Background: Emerging oncogenes were reportedly linked to the complicated subtypes and pathogenesis of clinical gliomas. Herein, we first comprehensively explored the potential correlation between growth-arrest-specific two family genes (GAS2, GAS2L1, GAS2L2, GAS2L3) and gliomas by bioinformatics analysis and cellular experiments.
Methods: Based on the available datasets of TCGA (The Cancer Genome Atlas), CGGA (Chinese Glioma Genome Atlas), and Oncomine databases, we performed a series of analyses, such as gene expression, survival prognosis, DNA methylation, immune infiltration, and partner enrichment. We also utilized two glioma cell lines to conduct the colony formation and wound-healing assay.

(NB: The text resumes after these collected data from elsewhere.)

(* Let $K\ge2$ and let $\mathbf u^*=\{u_i^*\}_{i=1}^K\subset\mathbb R^d$ satisfy $\|u_i^*-u_j^*\|_2\ge100\sqrt{d\log K}$ for all $i\ne j$. If $\mathbf u=\{u_i\}_{i=1}^K\subset\mathbb R^d$ satisfies $d_{\mathrm{TV}}(p_{\mathbf u}(x),p_{\mathbf u^*}(x))\le\frac1{4K}$, then there is a permutation $\pi$ of $[K]$ with $\|u_i^*-u_{\pi(i)}\|_2\le16\sqrt{d\log K}$ for every $i\in[K]$.
   Context: $p_{\mathbf u}(x)=\frac1K\sum_{i=1}^KN(u_i,I_d)$ denotes the equal-weight Gaussian mixture density with centers $\mathbf u$; $d_{\mathrm{TV}}(P,Q)=\frac12\int|p-q|$. *)

theory Defs
  imports "HOL-Analysis.Analysis"
begin

definition gauss_density :: "real^'n \<Rightarrow> real^'n \<Rightarrow> real" where
  "gauss_density c x = (2 * pi) powr (- real CARD('n) / 2) * exp (- (norm (x - c))\<^sup>2 / 2)"

definition mixture_density :: "nat \<Rightarrow> (nat \<Rightarrow> real^'n) \<Rightarrow> real^'n \<Rightarrow> real" where
  "mixture_density K u x = (1 / real K) * (\<Sum>i<K. gauss_density (u i) x)"

definition tv_dist :: "('a::euclidean_space \<Rightarrow> real) \<Rightarrow> ('a \<Rightarrow> real) \<Rightarrow> real" where
  "tv_dist p q = (1 / 2) * (\<integral>x. \<bar>p x - q x\<bar> \<partial>lborel)"

end

theory Submission
  imports Defs "HOL-Probability.Distributions"
begin

text \<open>
  A standard Gaussian has exponential moment \<open>E exp(\<parallel>X - c\<parallel>\<^sup>2/4) = 2\<^bsup>d/2\<^esup>\<close>, so by Markov
  it puts mass at most \<open>\<tau> = exp(-R\<^sup>2/4) 2\<^bsup>d/2\<^esup>\<close> outside the ball of radius \<open>R\<close> around its
  centre. Take \<open>R = 8 \<surd>(d log K)\<close>, so that \<open>\<tau>(K + 1) < 1/2\<close>. If no \<open>u\<^sub>j\<close> lay within \<open>2R\<close>
  of \<open>u\<^sub>i\<^sup>*\<close>, the ball \<open>B(u\<^sub>i\<^sup>*, R)\<close> would carry mass at least \<open>(1 - \<tau>)/K\<close> under \<open>p\<^sub>u\<^sub>*\<close> but
  at most \<open>\<tau>\<close> under \<open>p\<^sub>u\<close>, forcing \<open>d\<^sub>T\<^sub>V > 1/(4K)\<close>. So every \<open>u\<^sub>i\<^sup>*\<close> has some \<open>u\<^sub>j\<close> within
  \<open>16 \<surd>(d log K)\<close>, and since the \<open>u\<^sub>i\<^sup>*\<close> are more than twice that far apart, the choice
  \<open>i \<mapsto> j\<close> is injective, hence a permutation.
\<close>

lemma integrable_indicator_mult:
  fixes f :: "'a \<Rightarrow> real"
  shows "A \<in> sets M \<Longrightarrow> integrable M f \<Longrightarrow> integrable M (\<lambda>x. indicator A x * f x)"
  using integrable_mult_indicator[of A M f] by simp

lemma card_Basis_vec: "card (Basis :: (real^'n) set) = CARD('n)"
  using DIM_cart[where 'a=real and 'b='n] by simp

lemma norm_power2_eq_sum_Basis: "(norm (x::'a::euclidean_space))\<^sup>2 = (\<Sum>b\<in>Basis. (x \<bullet> b)\<^sup>2)"
proof -
  have "(norm x)\<^sup>2 = x \<bullet> x" by (simp add: power2_norm_eq_inner)
  also have "\<dots> = (\<Sum>b\<in>Basis. (x \<bullet> b) * (x \<bullet> b))" by (rule euclidean_inner)
  finally show ?thesis by (simp add: power2_eq_square)
qed

lemma gauss_density_eq_prod_normal_density:
  "gauss_density c (x::real^'n) = (\<Prod>b\<in>Basis. normal_density (c \<bullet> b) 1 (x \<bullet> b))"
proof -
  have "(\<Prod>b\<in>(Basis::(real^'n) set). normal_density (c \<bullet> b) 1 (x \<bullet> b))
     = (\<Prod>b\<in>(Basis::(real^'n) set). (1 / sqrt (2*pi)) * exp (- ((x - c) \<bullet> b)\<^sup>2 / 2))"
    by (rule prod.cong) (auto simp: normal_density_def inner_diff_left power2_commute)
  also have "\<dots> = (1 / sqrt (2*pi)) ^ CARD('n) * exp (\<Sum>b\<in>(Basis::(real^'n) set). - ((x - c) \<bullet> b)\<^sup>2 / 2)"
    by (simp only: prod.distrib prod_constant card_Basis_vec exp_sum finite_Basis)
  also have "(\<Sum>b\<in>(Basis::(real^'n) set). - ((x - c) \<bullet> b)\<^sup>2 / 2) = - (norm (x-c))\<^sup>2 / 2"
    by (simp add: norm_power2_eq_sum_Basis sum_negf sum_divide_distrib)
  also have "(1 / sqrt (2*pi)) ^ CARD('n) = (2*pi) powr (- real CARD('n) / 2)"
  proof -
    have "1 / sqrt (2*pi) = (2*pi) powr (-1/2)"
      by (simp add: powr_minus_divide powr_half_sqrt)
    hence "(1 / sqrt (2*pi)) ^ CARD('n) = ((2*pi) powr (-1/2)) powr real CARD('n)"
      by (simp add: powr_realpow)
    also have "\<dots> = (2*pi) powr (- real CARD('n) / 2)" by (simp add: powr_powr)
    finally show ?thesis .
  qed
  finally show ?thesis by (simp add: gauss_density_def)
qed

lemma exp_quarter_times_normal_density:
  "exp ((y - m)\<^sup>2 / 4) * normal_density m 1 y = sqrt 2 * normal_density m (sqrt 2) y"
proof -
  have e: "exp ((y - m)\<^sup>2 / 4) * exp (- (y - m)\<^sup>2 / 2) = exp (- (y - m)\<^sup>2 / 4)"
    by (simp add: exp_add[symmetric])
  have "sqrt 2 * sqrt (pi*2) = sqrt (2*(pi*2))" by (rule real_sqrt_mult[symmetric])
  hence s: "sqrt (pi * 4) = sqrt 2 * sqrt (pi*2)" by (simp add: mult_ac)
  show ?thesis unfolding normal_density_def using e by (simp add: s field_simps)
qed

lemma exp_quarter_times_gauss_density:
  "exp ((norm (x - c))\<^sup>2 / 4) * gauss_density c (x::real^'n)
     = (\<Prod>b\<in>Basis. sqrt 2 * normal_density (c \<bullet> b) (sqrt 2) (x \<bullet> b))"
proof -
  have "exp ((norm (x - c))\<^sup>2 / 4) = (\<Prod>b\<in>(Basis::(real^'n) set). exp ((x \<bullet> b - c \<bullet> b)\<^sup>2 / 4))"
    by (simp add: norm_power2_eq_sum_Basis exp_sum[symmetric] sum_divide_distrib inner_diff_left)
  thus ?thesis
    by (simp add: gauss_density_eq_prod_normal_density prod.distrib[symmetric]
        exp_quarter_times_normal_density)
qed

lemma borel_measurable_gauss_density[measurable]: "gauss_density c \<in> borel_measurable borel"
  unfolding gauss_density_def by measurable

lemma gauss_density_nonneg: "0 \<le> gauss_density c x"
  by (simp add: gauss_density_def)

lemma has_bochner_integral_gauss_density:
  "has_bochner_integral lborel (gauss_density (c::real^'n)) 1"
proof (rule has_bochner_integral_nn_integral)
  have "(\<integral>\<^sup>+x. ennreal (gauss_density c x) \<partial>lborel)
      = (\<integral>\<^sup>+x. (\<Prod>b\<in>Basis. ennreal (normal_density (c \<bullet> b) 1 (x \<bullet> b))) \<partial>lborel)"
    by (simp add: gauss_density_eq_prod_normal_density prod_ennreal)
  also have "\<dots> = (\<Prod>b\<in>(Basis::(real^'n) set). \<integral>\<^sup>+y. ennreal (normal_density (c \<bullet> b) 1 y) \<partial>lborel)"
    by (rule nn_integral_lborel_prod) auto
  also have "\<dots> = 1"
    by (simp add: nn_integral_eq_integral)
  finally show "(\<integral>\<^sup>+x. ennreal (gauss_density c x) \<partial>lborel) = ennreal 1" by simp
qed (auto simp: gauss_density_nonneg)

lemma integrable_gauss_density: "integrable lborel (gauss_density (c::real^'n))"
  using has_bochner_integral_gauss_density by (auto simp: has_bochner_integral_iff)

lemma has_bochner_integral_exp_moment_gauss_density:
  "has_bochner_integral lborel (\<lambda>x. exp ((norm (x - c))\<^sup>2 / 4) * gauss_density (c::real^'n) x)
     (sqrt 2 ^ CARD('n))"
proof (rule has_bochner_integral_nn_integral)
  have "(\<integral>\<^sup>+x. ennreal (exp ((norm (x - c))\<^sup>2 / 4) * gauss_density c x) \<partial>lborel)
      = (\<integral>\<^sup>+x. (\<Prod>b\<in>Basis. ennreal (sqrt 2 * normal_density (c \<bullet> b) (sqrt 2) (x \<bullet> b))) \<partial>lborel)"
    by (simp only: exp_quarter_times_gauss_density prod_ennreal normal_density_nonneg
        real_sqrt_ge_zero mult_nonneg_nonneg)
  also have "\<dots> = (\<Prod>b\<in>(Basis::(real^'n) set).
                    \<integral>\<^sup>+y. ennreal (sqrt 2 * normal_density (c \<bullet> b) (sqrt 2) y) \<partial>lborel)"
    by (rule nn_integral_lborel_prod) auto
  also have "\<dots> = (\<Prod>b\<in>(Basis::(real^'n) set). ennreal (sqrt 2))"
    by (intro prod.cong refl, subst nn_integral_eq_integral) auto
  also have "\<dots> = ennreal (sqrt 2 ^ CARD('n))"
    by (simp add: card_Basis_vec ennreal_power)
  finally show "(\<integral>\<^sup>+x. ennreal (exp ((norm (x - c))\<^sup>2 / 4) * gauss_density c x) \<partial>lborel)
      = ennreal (sqrt 2 ^ CARD('n))" .
qed (auto simp: gauss_density_nonneg)

lemma gauss_density_mass_disjoint_ball_le:
  fixes c :: "real^'n"
  assumes S: "S \<in> sets borel" and disj: "S \<inter> ball c R = {}" and "R \<ge> 0"
  shows "(\<integral>x. indicator S x * gauss_density c x \<partial>lborel) \<le> exp (- R\<^sup>2 / 4) * sqrt 2 ^ CARD('n)"
proof -
  let ?moment = "\<lambda>x. exp (- R\<^sup>2 / 4) * (exp ((norm (x - c))\<^sup>2 / 4) * gauss_density c x)"
  have markov: "indicator S x * gauss_density c x \<le> ?moment x" for x
  proof (cases "x \<in> S")
    case True
    with disj have "R\<^sup>2 \<le> (norm (x - c))\<^sup>2"
      using \<open>R \<ge> 0\<close> by (intro power_mono) (auto simp: dist_norm norm_minus_commute)
    hence "1 \<le> exp (- R\<^sup>2 / 4) * exp ((norm (x - c))\<^sup>2 / 4)"
      by (simp add: exp_add[symmetric])
    hence "1 * gauss_density c x \<le> (exp (- R\<^sup>2 / 4) * exp ((norm (x - c))\<^sup>2 / 4)) * gauss_density c x"
      by (rule mult_right_mono) (rule gauss_density_nonneg)
    with True show ?thesis by (simp only: indicator_simps mult_1_left mult.assoc)
  qed (simp add: gauss_density_nonneg)
  have "integrable lborel ?moment"
    using has_bochner_integral_exp_moment_gauss_density[of c]
    by (intro integrable_mult_right) (simp add: has_bochner_integral_iff)
  moreover have "integrable lborel (\<lambda>x. indicator S x * gauss_density c x)"
    using S integrable_gauss_density by (intro integrable_indicator_mult) auto
  ultimately have "(\<integral>x. indicator S x * gauss_density c x \<partial>lborel) \<le> (\<integral>x. ?moment x \<partial>lborel)"
    using markov by (intro integral_mono)
  also have "\<dots> = exp (- R\<^sup>2 / 4) * sqrt 2 ^ CARD('n)"
    using has_bochner_integral_exp_moment_gauss_density[of c]
    by (simp add: has_bochner_integral_integral_eq)
  finally show ?thesis .
qed

lemma gauss_density_mass_ball_ge:
  fixes c :: "real^'n"
  assumes "R \<ge> 0"
  shows "1 - exp (- R\<^sup>2 / 4) * sqrt 2 ^ CARD('n)
           \<le> (\<integral>x. indicator (ball c R) x * gauss_density c x \<partial>lborel)"
proof -
  have "(\<integral>x. indicator (- ball c R) x * gauss_density c x \<partial>lborel)
        = (\<integral>x. gauss_density c x - indicator (ball c R) x * gauss_density c x \<partial>lborel)"
    by (simp add: indicator_compl algebra_simps)
  also have "\<dots> = 1 - (\<integral>x. indicator (ball c R) x * gauss_density c x \<partial>lborel)"
  proof (subst Bochner_Integration.integral_diff)
    show "integrable lborel (\<lambda>x. indicator (ball c R) x * gauss_density c x)"
      by (rule integrable_indicator_mult[OF _ integrable_gauss_density]) simp
  qed (simp_all add: integrable_gauss_density
         has_bochner_integral_integral_eq[OF has_bochner_integral_gauss_density])
  moreover have "- ball c R \<inter> ball c R = {}" by blast
  ultimately show ?thesis
    using gauss_density_mass_disjoint_ball_le[of "- ball c R" c R] assms by simp
qed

Results: GAS2L3 gene was highly expressed in glioma tissues compared to normal brain tissues (p < 0.05). We further observed the relationship between the high expressed GAS2L3 and poor clinical prognosis of brain low-grade glioma (LGG) cases in our Cox proportional hazard model (hazard ratio [HR] = 0.1715, p < 0.001). Moreover, DNA hypomethylation status of GAS2L3 was correlated with the high expression of GAS2L3 in LGG tissues and the poor clinical prognosis of primary glioma cases (p < 0.05). We also found that the high expression of GAS2L3 was associated with the infiltration level of immune cells, especially the T cells (p < 0.0001). Functional enrichment analysis of GAS2L3-correlated genes and interaction partners further indicated that GAS2L3 might take part in the occurrence of glioma by influencing a series of biological behaviors, such as cell division, cytoskeleton binding, and cell adhesion. Additionally, our cellular experiment data suggested that a highly expressed GAS2L3 gene contributes to the enhanced proliferation and migration of glioma cells.
Conclusion: This study first analyzed the potential role of GAS2 family genes, especially GAS2L3, in the clinical prognosis and possible functional mechanisms of glioma, which gives a novel insight into the relationship between GAS2L3 and LGG.